(* Let $\theta^*\in\mathbb{R}^n$, $\sigma>0$, $Y\sim N(\theta^*,\sigma^2I_n)$, and $\hat\theta(Y)=\Pi_{\mathcal{C}}(Y)$ for a nonempty closed convex set $\mathcal{C}$. (1) If $\mathcal{C}=\mathbb{R}^n_+=\{u:u_i\ge0\ \forall i\}$, then $\lim_{\sigma\to\infty}\sigma^{-2}M(\hat\theta,\theta^* )=\lim_{\sigma\to\infty}\sigma^{-2}E(\hat\theta,\theta^* )=n/2$. (2) For a general nonempty closed convex $\mathcal{C}$, $K_{\mathcal{C}}=\{0\}$ if and only if $\mathcal{C}$ is bounded, and in that case $\lim_{\sigma\to\infty}\sigma^{-2}M(\hat\theta,\theta^* )=\lim_{\sigma\to\infty}\sigma^{-2}E(\hat\theta,\theta^* )=0$.
   Context: $\Pi_{\mathcal{C}}$ is Euclidean projection; $T_{\mathcal{C}}(\theta_0)=\mathrm{cl}\{\alpha(\theta-\theta_0):\alpha\ge0,\theta\in\mathcal{C}\}$ is the tangent cone and $K_{\mathcal{C}}=\bigcap_{\theta\in\mathcal{C}}T_{\mathcal{C}}(\theta)$ is the core cone. Misspecified risk: $M(\hat\theta,\theta^* )=\mathbb{E}\|\hat\theta(Y)-\Pi_{\mathcal{C}}(\theta^* )\|^2$; excess risk: $E(\hat\theta,\theta^* )=\mathbb{E}\|\hat\theta(Y)-\theta^*\|^2-\|\Pi_{\mathcal{C}}(\theta^* )-\theta^*\|^2$. *)

theory Defs
  imports "HOL-Analysis.Analysis"
begin

abbreviation proj :: "(real ^ 'n) set \<Rightarrow> real ^ 'n \<Rightarrow> real ^ 'n" where
  "proj C y \<equiv> closest_point C y"

definition tangent_cone :: "(real ^ 'n) set \<Rightarrow> real ^ 'n \<Rightarrow> (real ^ 'n) set" where
  "tangent_cone C \<theta>0 = closure {\<alpha> *\<^sub>R (\<theta> - \<theta>0) | \<alpha> \<theta>. \<alpha> \<ge> 0 \<and> \<theta> \<in> C}"

definition core_cone :: "(real ^ 'n) set \<Rightarrow> (real ^ 'n) set" where
  "core_cone C = (\<Inter>\<theta>\<in>C. tangent_cone C \<theta>)"

definition std_gauss_density :: "real ^ 'n \<Rightarrow> real" where
  "std_gauss_density z = (2 * pi) powr (- real CARD('n) / 2) * exp (- (norm z)\<^sup>2 / 2)"

text \<open>E f(Y) for Y ~ N(theta, sigma^2 I_n), written as Y = theta + sigma Z, Z ~ N(0, I_n).\<close>
definition gauss_expect :: "real ^ 'n \<Rightarrow> real \<Rightarrow> (real ^ 'n \<Rightarrow> real) \<Rightarrow> real" where
  "gauss_expect \<theta> \<sigma> f = (\<integral>z. f (\<theta> + \<sigma> *\<^sub>R z) * std_gauss_density z \<partial>lborel)"

definition misspec_risk :: "(real ^ 'n) set \<Rightarrow> real ^ 'n \<Rightarrow> real \<Rightarrow> real" where
  "misspec_risk C \<theta>s \<sigma> = gauss_expect \<theta>s \<sigma> (\<lambda>y. (norm (proj C y - proj C \<theta>s))\<^sup>2)"

definition excess_risk :: "(real ^ 'n) set \<Rightarrow> real ^ 'n \<Rightarrow> real \<Rightarrow> real" where
  "excess_risk C \<theta>s \<sigma> = gauss_expect \<theta>s \<sigma> (\<lambda>y. (norm (proj C y - \<theta>s))\<^sup>2)
      - (norm (proj C \<theta>s - \<theta>s))\<^sup>2"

» What you will do:
Read the entries and pick out all lines that include the word "lambda".

» Result for this task:
  "misspec_risk C \<theta>s \<sigma> = gauss_expect \<theta>s \<sigma> (\<lambda>y. (norm (proj C y - proj C \<theta>s))\<^sup>2)"
  "excess_risk C \<theta>s \<sigma> = gauss_expect \<theta>s \<sigma> (\<lambda>y. (norm (proj C y - \<theta>s))\<^sup>2)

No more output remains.